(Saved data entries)

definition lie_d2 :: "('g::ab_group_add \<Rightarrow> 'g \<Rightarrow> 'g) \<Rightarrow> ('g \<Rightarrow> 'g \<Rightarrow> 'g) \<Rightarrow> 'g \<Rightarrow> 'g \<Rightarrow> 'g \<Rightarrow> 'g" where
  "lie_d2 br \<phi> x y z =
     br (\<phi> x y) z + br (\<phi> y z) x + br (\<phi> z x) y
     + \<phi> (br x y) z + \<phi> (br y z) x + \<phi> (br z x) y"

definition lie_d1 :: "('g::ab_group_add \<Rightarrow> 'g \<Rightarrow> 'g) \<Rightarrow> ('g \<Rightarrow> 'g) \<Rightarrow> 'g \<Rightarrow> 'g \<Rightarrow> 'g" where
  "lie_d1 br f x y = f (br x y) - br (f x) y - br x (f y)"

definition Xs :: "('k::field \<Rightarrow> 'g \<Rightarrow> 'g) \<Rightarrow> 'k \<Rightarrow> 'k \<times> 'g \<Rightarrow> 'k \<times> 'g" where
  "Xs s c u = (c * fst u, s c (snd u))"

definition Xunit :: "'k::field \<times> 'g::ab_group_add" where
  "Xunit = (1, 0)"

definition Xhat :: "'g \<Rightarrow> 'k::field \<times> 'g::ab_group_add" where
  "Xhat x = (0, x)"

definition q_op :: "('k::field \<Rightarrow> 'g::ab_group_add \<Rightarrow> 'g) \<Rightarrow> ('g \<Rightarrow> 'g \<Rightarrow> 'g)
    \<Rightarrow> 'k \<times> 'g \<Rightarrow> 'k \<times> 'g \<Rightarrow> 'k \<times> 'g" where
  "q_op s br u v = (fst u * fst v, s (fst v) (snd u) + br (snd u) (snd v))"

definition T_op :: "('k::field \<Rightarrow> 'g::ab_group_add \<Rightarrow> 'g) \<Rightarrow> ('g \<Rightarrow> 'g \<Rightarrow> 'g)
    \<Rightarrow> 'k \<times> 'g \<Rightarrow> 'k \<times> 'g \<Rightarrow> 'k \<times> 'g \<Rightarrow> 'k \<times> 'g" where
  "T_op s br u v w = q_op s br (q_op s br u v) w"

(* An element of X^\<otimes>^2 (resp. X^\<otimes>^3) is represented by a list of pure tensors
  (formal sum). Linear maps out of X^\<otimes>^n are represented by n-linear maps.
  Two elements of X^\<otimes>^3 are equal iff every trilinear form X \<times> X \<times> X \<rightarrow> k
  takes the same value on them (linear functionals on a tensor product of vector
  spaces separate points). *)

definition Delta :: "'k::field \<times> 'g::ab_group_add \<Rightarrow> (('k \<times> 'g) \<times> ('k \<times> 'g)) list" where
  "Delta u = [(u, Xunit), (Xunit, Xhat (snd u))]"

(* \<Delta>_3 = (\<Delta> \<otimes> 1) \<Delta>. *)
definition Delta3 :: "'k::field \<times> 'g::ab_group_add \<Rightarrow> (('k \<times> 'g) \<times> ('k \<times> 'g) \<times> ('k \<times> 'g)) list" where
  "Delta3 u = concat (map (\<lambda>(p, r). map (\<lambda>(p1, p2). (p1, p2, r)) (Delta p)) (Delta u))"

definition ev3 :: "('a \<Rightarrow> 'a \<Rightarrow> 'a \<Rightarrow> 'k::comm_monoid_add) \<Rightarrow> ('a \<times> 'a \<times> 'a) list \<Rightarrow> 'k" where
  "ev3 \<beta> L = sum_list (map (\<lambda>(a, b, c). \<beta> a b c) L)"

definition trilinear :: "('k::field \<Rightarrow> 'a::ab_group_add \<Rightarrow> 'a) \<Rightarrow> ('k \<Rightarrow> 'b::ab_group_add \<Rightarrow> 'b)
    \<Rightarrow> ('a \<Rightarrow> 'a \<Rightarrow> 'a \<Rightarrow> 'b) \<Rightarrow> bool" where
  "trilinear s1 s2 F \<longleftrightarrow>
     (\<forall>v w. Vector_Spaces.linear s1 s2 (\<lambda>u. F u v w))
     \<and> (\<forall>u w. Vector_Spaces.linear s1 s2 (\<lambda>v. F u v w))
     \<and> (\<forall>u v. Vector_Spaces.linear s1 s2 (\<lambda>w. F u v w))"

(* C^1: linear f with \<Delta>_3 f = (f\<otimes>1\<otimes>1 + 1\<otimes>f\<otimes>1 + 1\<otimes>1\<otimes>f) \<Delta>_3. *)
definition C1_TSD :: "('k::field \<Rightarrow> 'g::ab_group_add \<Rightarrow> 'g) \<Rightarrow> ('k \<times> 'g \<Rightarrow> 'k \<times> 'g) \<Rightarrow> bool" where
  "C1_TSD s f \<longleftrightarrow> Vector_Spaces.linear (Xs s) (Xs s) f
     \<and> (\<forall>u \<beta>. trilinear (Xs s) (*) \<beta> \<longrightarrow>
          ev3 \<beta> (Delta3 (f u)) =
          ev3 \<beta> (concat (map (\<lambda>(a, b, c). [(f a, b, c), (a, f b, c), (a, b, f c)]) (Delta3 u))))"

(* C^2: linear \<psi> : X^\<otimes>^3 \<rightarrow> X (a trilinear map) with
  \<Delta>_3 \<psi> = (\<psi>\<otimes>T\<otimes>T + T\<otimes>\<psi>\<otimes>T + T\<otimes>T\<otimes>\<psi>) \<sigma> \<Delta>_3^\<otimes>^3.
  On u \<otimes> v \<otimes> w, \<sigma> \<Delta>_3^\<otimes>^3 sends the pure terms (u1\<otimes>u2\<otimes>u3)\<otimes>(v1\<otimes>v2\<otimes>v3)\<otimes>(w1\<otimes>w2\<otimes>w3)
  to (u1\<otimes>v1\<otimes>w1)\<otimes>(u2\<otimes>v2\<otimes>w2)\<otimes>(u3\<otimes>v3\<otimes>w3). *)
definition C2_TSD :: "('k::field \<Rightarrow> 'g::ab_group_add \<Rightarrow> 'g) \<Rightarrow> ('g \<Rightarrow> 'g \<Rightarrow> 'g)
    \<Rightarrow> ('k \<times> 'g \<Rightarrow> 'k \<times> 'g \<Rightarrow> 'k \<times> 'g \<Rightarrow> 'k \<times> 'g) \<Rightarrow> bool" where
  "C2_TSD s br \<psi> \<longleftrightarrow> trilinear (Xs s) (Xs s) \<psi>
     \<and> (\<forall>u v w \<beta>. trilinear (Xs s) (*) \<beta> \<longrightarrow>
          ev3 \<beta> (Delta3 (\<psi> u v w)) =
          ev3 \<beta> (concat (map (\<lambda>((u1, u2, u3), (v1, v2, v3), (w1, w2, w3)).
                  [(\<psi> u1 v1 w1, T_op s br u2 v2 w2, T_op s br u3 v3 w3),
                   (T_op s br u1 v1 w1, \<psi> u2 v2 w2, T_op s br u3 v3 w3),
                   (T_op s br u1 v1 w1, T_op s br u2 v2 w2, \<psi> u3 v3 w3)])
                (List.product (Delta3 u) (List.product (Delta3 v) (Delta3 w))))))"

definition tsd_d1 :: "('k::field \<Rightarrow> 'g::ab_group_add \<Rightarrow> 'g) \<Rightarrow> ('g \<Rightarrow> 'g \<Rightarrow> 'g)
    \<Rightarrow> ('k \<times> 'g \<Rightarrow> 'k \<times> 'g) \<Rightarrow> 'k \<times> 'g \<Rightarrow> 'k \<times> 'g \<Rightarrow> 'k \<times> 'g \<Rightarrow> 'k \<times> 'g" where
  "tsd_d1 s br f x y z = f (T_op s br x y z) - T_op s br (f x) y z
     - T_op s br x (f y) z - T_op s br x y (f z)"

**TRY IT**.
From the first line to the last, transcribe the data exactly.

**ANSWER TO THE PROBLEM**.
definition lie_d2 :: "('g::ab_group_add \<Rightarrow> 'g \<Rightarrow> 'g) \<Rightarrow> ('g \<Rightarrow> 'g \<Rightarrow> 'g) \<Rightarrow> 'g \<Rightarrow> 'g \<Rightarrow> 'g \<Rightarrow> 'g" where
  "lie_d2 br \<phi> x y z =
     br (\<phi> x y) z + br (\<phi> y z) x + br (\<phi> z x) y
     + \<phi> (br x y) z + \<phi> (br y z) x + \<phi> (br z x) y"

definition lie_d1 :: "('g::ab_group_add \<Rightarrow> 'g \<Rightarrow> 'g) \<Rightarrow> ('g \<Rightarrow> 'g) \<Rightarrow> 'g \<Rightarrow> 'g \<Rightarrow> 'g" where
  "lie_d1 br f x y = f (br x y) - br (f x) y - br x (f y)"

definition Xs :: "('k::field \<Rightarrow> 'g \<Rightarrow> 'g) \<Rightarrow> 'k \<Rightarrow> 'k \<times> 'g \<Rightarrow> 'k \<times> 'g" where
  "Xs s c u = (c * fst u, s c (snd u))"

definition Xunit :: "'k::field \<times> 'g::ab_group_add" where
  "Xunit = (1, 0)"

definition Xhat :: "'g \<Rightarrow> 'k::field \<times> 'g::ab_group_add" where
  "Xhat x = (0, x)"

definition q_op :: "('k::field \<Rightarrow> 'g::ab_group_add \<Rightarrow> 'g) \<Rightarrow> ('g \<Rightarrow> 'g \<Rightarrow> 'g)
    \<Rightarrow> 'k \<times> 'g \<Rightarrow> 'k \<times> 'g \<Rightarrow> 'k \<times> 'g" where
  "q_op s br u v = (fst u * fst v, s (fst v) (snd u) + br (snd u) (snd v))"

definition T_op :: "('k::field \<Rightarrow> 'g::ab_group_add \<Rightarrow> 'g) \<Rightarrow> ('g \<Rightarrow> 'g \<Rightarrow> 'g)
    \<Rightarrow> 'k \<times> 'g \<Rightarrow> 'k \<times> 'g \<Rightarrow> 'k \<times> 'g \<Rightarrow> 'k \<times> 'g" where
  "T_op s br u v w = q_op s br (q_op s br u v) w"

(* An element of X^\<otimes>^2 (resp. X^\<otimes>^3) is represented by a list of pure tensors
  (formal sum). Linear maps out of X^\<otimes>^n are represented by n-linear maps.
  Two elements of X^\<otimes>^3 are equal iff every trilinear form X \<times> X \<times> X \<rightarrow> k
  takes the same value on them (linear functionals on a tensor product of vector
  spaces separate points). *)

definition Delta :: "'k::field \<times> 'g::ab_group_add \<Rightarrow> (('k \<times> 'g) \<times> ('k \<times> 'g)) list" where
  "Delta u = [(u, Xunit), (Xunit, Xhat (snd u))]"

(* \<Delta>_3 = (\<Delta> \<otimes> 1) \<Delta>. *)
definition Delta3 :: "'k::field \<times> 'g::ab_group_add \<Rightarrow> (('k \<times> 'g) \<times> ('k \<times> 'g) \<times> ('k \<times> 'g)) list" where
  "Delta3 u = concat (map (\<lambda>(p, r). map (\<lambda>(p1, p2). (p1, p2, r)) (Delta p)) (Delta u))"

definition ev3 :: "('a \<Rightarrow> 'a \<Rightarrow> 'a \<Rightarrow> 'k::comm_monoid_add) \<Rightarrow> ('a \<times> 'a \<times> 'a) list \<Rightarrow> 'k" where
  "ev3 \<beta> L = sum_list (map (\<lambda>(a, b, c). \<beta> a b c) L)"

definition trilinear :: "('k::field \<Rightarrow> 'a::ab_group_add \<Rightarrow> 'a) \<Rightarrow> ('k \<Rightarrow> 'b::ab_group_add \<Rightarrow> 'b)
    \<Rightarrow> ('a \<Rightarrow> 'a \<Rightarrow> 'a \<Rightarrow> 'b) \<Rightarrow> bool" where
  "trilinear s1 s2 F \<longleftrightarrow>
     (\<forall>v w. Vector_Spaces.linear s1 s2 (\<lambda>u. F u v w))
     \<and> (\<forall>u w. Vector_Spaces.linear s1 s2 (\<lambda>v. F u v w))
     \<and> (\<forall>u v. Vector_Spaces.linear s1 s2 (\<lambda>w. F u v w))"

(* C^1: linear f with \<Delta>_3 f = (f\<otimes>1\<otimes>1 + 1\<otimes>f\<otimes>1 + 1\<otimes>1\<otimes>f) \<Delta>_3. *)
definition C1_TSD :: "('k::field \<Rightarrow> 'g::ab_group_add \<Rightarrow> 'g) \<Rightarrow> ('k \<times> 'g \<Rightarrow> 'k \<times> 'g) \<Rightarrow> bool" where
  "C1_TSD s f \<longleftrightarrow> Vector_Spaces.linear (Xs s) (Xs s) f
     \<and> (\<forall>u \<beta>. trilinear (Xs s) (*) \<beta> \<longrightarrow>
          ev3 \<beta> (Delta3 (f u)) =
          ev3 \<beta> (concat (map (\<lambda>(a, b, c). [(f a, b, c), (a, f b, c), (a, b, f c)]) (Delta3 u))))"

(* C^2: linear \<psi> : X^\<otimes>^3 \<rightarrow> X (a trilinear map) with
  \<Delta>_3 \<psi> = (\<psi>\<otimes>T\<otimes>T + T\<otimes>\<psi>\<otimes>T + T\<otimes>T\<otimes>\<psi>) \<sigma> \<Delta>_3^\<otimes>^3.
  On u \<otimes> v \<otimes> w, \<sigma> \<Delta>_3^\<otimes>^3 sends the pure terms (u1\<otimes>u2\<otimes>u3)\<otimes>(v1\<otimes>v2\<otimes>v3)\<otimes>(w1\<otimes>w2\<otimes>w3)
  to (u1\<otimes>v1\<otimes>w1)\<otimes>(u2\<otimes>v2\<otimes>w2)\<otimes>(u3\<otimes>v3\<otimes>w3). *)
definition C2_TSD :: "('k::field \<Rightarrow> 'g::ab_group_add \<Rightarrow> 'g) \<Rightarrow> ('g \<Rightarrow> 'g \<Rightarrow> 'g)
    \<Rightarrow> ('k \<times> 'g \<Rightarrow> 'k \<times> 'g \<Rightarrow> 'k \<times> 'g \<Rightarrow> 'k \<times> 'g) \<Rightarrow> bool" where
  "C2_TSD s br \<psi> \<longleftrightarrow> trilinear (Xs s) (Xs s) \<psi>
     \<and> (\<forall>u v w \<beta>. trilinear (Xs s) (*) \<beta> \<longrightarrow>
          ev3 \<beta> (Delta3 (\<psi> u v w)) =
          ev3 \<beta> (concat (map (\<lambda>((u1, u2, u3), (v1, v2, v3), (w1, w2, w3)).
                  [(\<psi> u1 v1 w1, T_op s br u2 v2 w2, T_op s br u3 v3 w3),
                   (T_op s br u1 v1 w1, \<psi> u2 v2 w2, T_op s br u3 v3 w3),
                   (T_op s br u1 v1 w1, T_op s br u2 v2 w2, \<psi> u3 v3 w3)])
                (List.product (Delta3 u) (List.product (Delta3 v) (Delta3 w))))))"

definition tsd_d1 :: "('k::field \<Rightarrow> 'g::ab_group_add \<Rightarrow> 'g) \<Rightarrow> ('g \<Rightarrow> 'g \<Rightarrow> 'g)
    \<Rightarrow> ('k \<times> 'g \<Rightarrow> 'k \<times> 'g) \<Rightarrow> 'k \<times> 'g \<Rightarrow> 'k \<times> 'g \<Rightarrow> 'k \<times> 'g \<Rightarrow> 'k \<times> 'g" where
  "tsd_d1 s br f x y z = f (T_op s br x y z) - T_op s br (f x) y z
     - T_op s br x (f y) z - T_op s br x y (f z)"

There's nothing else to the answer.